К этому перечню можно добавить распространение социальных расследований; развитие гражданской журналистики (пресса НКО, блогосфера); интенсификацию социального проектирования (гражданские инициативы, осуществляемые при непосредственном участии СМИ, благотворительные проекты и волонтерские программы); развитие корпоративного взаимодействия (конкурсы и специальные акции, образовательные программы в вузах). Основным результатом развития гуманитарной проблематики стал сам факт ее утверждения в информационном поле, признание ее легитимности, стремление уравнять в правах с другими тематическими направлениями.

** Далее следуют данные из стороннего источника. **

lemma payoff_form_sym: "payoff_form x y = payoff_form y x"
proof -
  have expand: "payoff_form x y = (\<Sum>i<n. \<Sum>j<n.
      if E i j then \<Sum>s<m i. \<Sum>s'<m j. x i s * A i j s s' * y j s' else 0)" for x y
  proof -
    have "payoff_form x y = (\<Sum>i<n. \<Sum>s<m i. \<Sum>j\<in>nbrs n E i. \<Sum>s'<m j. x i s * A i j s s' * y j s')"
      unfolding payoff_form_def payoff_def by (simp add: sum_distrib_left mult.assoc)
    also have "\<dots> = (\<Sum>i<n. \<Sum>j\<in>nbrs n E i. \<Sum>s<m i. \<Sum>s'<m j. x i s * A i j s s' * y j s')"
      by (rule sum.cong[OF refl]) (rule sum.swap)
    also have "\<dots> = (\<Sum>i<n. \<Sum>j\<in>{j \<in> {..<n}. E i j}. \<Sum>s<m i. \<Sum>s'<m j. x i s * A i j s s' * y j s')"
      by (simp add: nbrs_def)
    finally show ?thesis by (simp only: sum.inter_filter[OF finite_lessThan])
  qed
  have "payoff_form y x = (\<Sum>j<n. \<Sum>i<n.
      if E i j then \<Sum>s'<m i. \<Sum>s<m j. y i s' * A i j s' s * x j s else 0)"
    unfolding expand by (rule sum.swap)
  also have "\<dots> = (\<Sum>j<n. \<Sum>i<n.
      if E j i then \<Sum>s<m j. \<Sum>s'<m i. x j s * A j i s s' * y i s' else 0)"
  proof (intro sum.cong refl)
    fix j i
    show "(if E i j then \<Sum>s'<m i. \<Sum>s<m j. y i s' * A i j s' s * x j s else 0)
        = (if E j i then \<Sum>s<m j. \<Sum>s'<m i. x j s * A j i s s' * y i s' else 0)"
    proof (cases "E i j")
      case True
      then have "A i j s' s = A j i s s'" if "s < m j" "s' < m i" for s s'
        using coordination that unfolding coordination_def by blast
      then show ?thesis
        using True simple unfolding simple_graph_def
        by (subst sum.swap) (auto intro!: sum.cong simp: mult_ac)
    next
      case False
      then show ?thesis using simple unfolding simple_graph_def by auto
    qed
  qed
  also have "\<dots> = payoff_form x y" unfolding expand ..
  finally show ?thesis by simp
qed

lemma has_real_derivative_payoff_form_diag:
  assumes deriv: "\<And>i s. i < n \<Longrightarrow> s < m i \<Longrightarrow> ((\<lambda>\<tau>. x \<tau> i s) has_real_derivative x' i s) (at t)"
  shows "((\<lambda>\<tau>. payoff_form (x \<tau>) (x \<tau>)) has_real_derivative 2 * payoff_form x' (x t)) (at t)"
proof -
  have payoff_deriv: "((\<lambda>\<tau>. payoff n m E A i s (x \<tau>)) has_real_derivative payoff n m E A i s x') (at t)"
    for i s
    unfolding payoff_def by (intro DERIV_sum DERIV_cmult deriv) (auto dest: nbrs_less)
  have "((\<lambda>\<tau>. payoff_form (x \<tau>) (x \<tau>)) has_real_derivative
      (\<Sum>i<n. \<Sum>s<m i. x' i s * payoff n m E A i s (x t) + payoff n m E A i s x' * x t i s)) (at t)"
    unfolding payoff_form_def by (intro DERIV_sum DERIV_mult deriv payoff_deriv) auto
  also have "(\<Sum>i<n. \<Sum>s<m i. x' i s * payoff n m E A i s (x t) + payoff n m E A i s x' * x t i s)
      = payoff_form x' (x t) + payoff_form (x t) x'"
    unfolding payoff_form_def sum.distrib by (simp add: mult.commute)
  finally show ?thesis using payoff_form_sym[of "x t" x'] by simp
qed

lemma has_real_derivative_potential:
  assumes deriv: "\<And>i s. i < n \<Longrightarrow> s < m i \<Longrightarrow> ((\<lambda>\<tau>. x \<tau> i s) has_real_derivative x' i s) (at t)"
    and pos: "\<And>i s. i < n \<Longrightarrow> s < m i \<Longrightarrow> 0 < x t i s"
    and tangent: "\<And>i. i < n \<Longrightarrow> (\<Sum>s<m i. x' i s) = 0"
  shows "((\<lambda>\<tau>. potential (x \<tau>)) has_real_derivative
           (\<Sum>i<n. \<Sum>s<m i. x' i s * (ln (logit n m E A beta i s (x t)) - ln (x t i s)))) (at t)"
proof -
  let ?Z = "\<lambda>i. \<Sum>r<m i. exp (beta * payoff n m E A i r (x t))"
  have form_deriv:
    "((\<lambda>\<tau>. payoff_form (x \<tau>) (x \<tau>)) has_real_derivative 2 * payoff_form x' (x t)) (at t)"
    using deriv by (rule has_real_derivative_payoff_form_diag)
  have entropy_deriv: "((\<lambda>\<tau>. neg_entropy (x \<tau>)) has_real_derivative
      (\<Sum>i<n. \<Sum>s<m i. x' i s * (ln (x t i s) + 1))) (at t)"
  proof -
    have "((\<lambda>\<tau>. x \<tau> i s * ln (x \<tau> i s)) has_real_derivative x' i s * (ln (x t i s) + 1)) (at t)"
      if "i < n" "s < m i" for i s
      using deriv[OF that] pos[OF that] by (auto intro!: derivative_eq_intros simp: field_simps)
    then show ?thesis unfolding neg_entropy_def by (intro DERIV_sum) auto
  qed
  have "((\<lambda>\<tau>. potential (x \<tau>)) has_real_derivative
      beta / 2 * (2 * payoff_form x' (x t)) - (\<Sum>i<n. \<Sum>s<m i. x' i s * (ln (x t i s) + 1))) (at t)"
    unfolding potential_def by (intro DERIV_diff DERIV_cmult form_deriv entropy_deriv)
  also have "beta / 2 * (2 * payoff_form x' (x t)) - (\<Sum>i<n. \<Sum>s<m i. x' i s * (ln (x t i s) + 1))
      = (\<Sum>i<n. \<Sum>s<m i. x' i s * (ln (logit n m E A beta i s (x t)) - ln (x t i s))
           + x' i s * (ln (?Z i) - 1))"
    unfolding payoff_form_def sum_distrib_left sum_subtractf[symmetric]
    by (intro sum.cong refl) (simp add: ln_logit algebra_simps)
  also have "\<dots> = (\<Sum>i<n. \<Sum>s<m i. x' i s * (ln (logit n m E A beta i s (x t)) - ln (x t i s)))"
  proof -
    have "(\<Sum>s<m i. x' i s * (ln (?Z i) - 1)) = 0" if "i < n" for i
      using tangent[OF that] by (simp add: sum_distrib_right[symmetric])
    then show ?thesis by (simp add: sum.distrib)
  qed
  finally show ?thesis .
qed

lemma payoff_tendsto:
  assumes "\<And>j s. j < n \<Longrightarrow> s < m j \<Longrightarrow> (\<lambda>k. z k j s) \<longlonglongrightarrow> x j s"
  shows "(\<lambda>k. payoff n m E A i s (z k)) \<longlonglongrightarrow> payoff n m E A i s x"
  unfolding payoff_def using assms by (intro tendsto_intros) (auto dest: nbrs_less)

lemma logit_tendsto:
  assumes "\<And>j s. j < n \<Longrightarrow> s < m j \<Longrightarrow> (\<lambda>k. z k j s) \<longlonglongrightarrow> x j s" and "i < n"
  shows "(\<lambda>k. logit n m E A beta i s (z k)) \<longlonglongrightarrow> logit n m E A beta i s x"
  unfolding logit_def using assms logit_denom_pos[of i x]
  by (intro tendsto_intros payoff_tendsto) auto

lemma logit_gap_tendsto:
  assumes "\<And>j s. j < n \<Longrightarrow> s < m j \<Longrightarrow> (\<lambda>k. z k j s) \<longlonglongrightarrow> x j s"
  shows "(\<lambda>k. logit_gap (z k)) \<longlonglongrightarrow> logit_gap x"
  unfolding logit_gap_def using assms by (intro tendsto_intros logit_tendsto) auto

lemma logit_gap_nonneg: "0 \<le> logit_gap x"
  unfolding logit_gap_def by (intro sum_nonneg) auto

lemma logit_gap_ge_near:
  assumes "e < logit_gap x"
  shows "\<exists>\<eta>>0. \<forall>z. (\<forall>i<n. \<forall>s<m i. \<bar>z i s - x i s\<bar> \<le> \<eta>) \<longrightarrow> e \<le> logit_gap z"
proof (rule ccontr)
  assume "\<not> ?thesis"
  then have "\<forall>k::nat. \<exists>z. (\<forall>i<n. \<forall>s<m i. \<bar>z i s - x i s\<bar> \<le> inverse (real (Suc k))) \<and> logit_gap z < e"
    by (metis not_le of_nat_0_less_iff positive_imp_inverse_positive zero_less_Suc)
  then obtain z where
    close: "\<And>k i s. i < n \<Longrightarrow> s < m i \<Longrightarrow> \<bar>z k i s - x i s\<bar> \<le> inverse (real (Suc k))"
    and small: "\<And>k. logit_gap (z k) < e"
    by metis
  have "(\<lambda>k. z k i s) \<longlonglongrightarrow> x i s" if "i < n" "s < m i" for i s
  proof -
    have "(\<lambda>k. z k i s - x i s) \<longlonglongrightarrow> 0"
      using close[OF that] by (intro Lim_null_comparison[OF _ LIMSEQ_inverse_real_of_nat]) simp
    then show ?thesis by (simp add: LIM_zero_iff)
  qed
  then have "(\<lambda>k. logit_gap (z k)) \<longlonglongrightarrow> logit_gap x" by (rule logit_gap_tendsto)
  then have "logit_gap x \<le> e"
    using small by (intro LIMSEQ_le_const2) (auto intro: less_imp_le)
  then show False using assms by simp
qed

Распространение в практике СМИ новых коммуникативных стратегий существенно изменило медийный ландшафт. Стало заметно, что пресса формирует информационное пространство, отражающее социальную сферу, человек и его жизнь перемещаются в центр информационных процессов. Это и означало, что в системе средств массовой информации заявила о себе новая область профессиональной журналистской деятельности – социальная журналистика, взявшая на себя заботу о развитии человека и сферы его повседневного бытия. Нарастив объемы публикаций, освоив профессиональные стандарты качества, обретя творческое своеобразие, социальная журналистика продемонстрировала свою готовность к тому, чтобы стать площадкой для выработки новых социальных технологий, и стала отстаивать эту свою позицию3 (Бережная, 2005; Севортьян (сост.), 2005; Новиков, Старостенков (ред.), 2008). Если обратиться к языку обществоведов, рекомендовавших для преодоления экзистенциального кризиса переходного периода «доступные обществу схемы интерпретаций: как именно понимаются и объясняются новые состояния, ставшие предметом чувств, переживаний, действий, дискуссий» (Штомпка, 2008: 475), то мы можем утверждать, что объясняющие схемы в российских СМИ не всегда были достаточными, но общество, пережившее социальную аномию 1990-х гг., смогло обрести «цивилизационную компетентность» и двигаться дальше, к устойчивому развитию.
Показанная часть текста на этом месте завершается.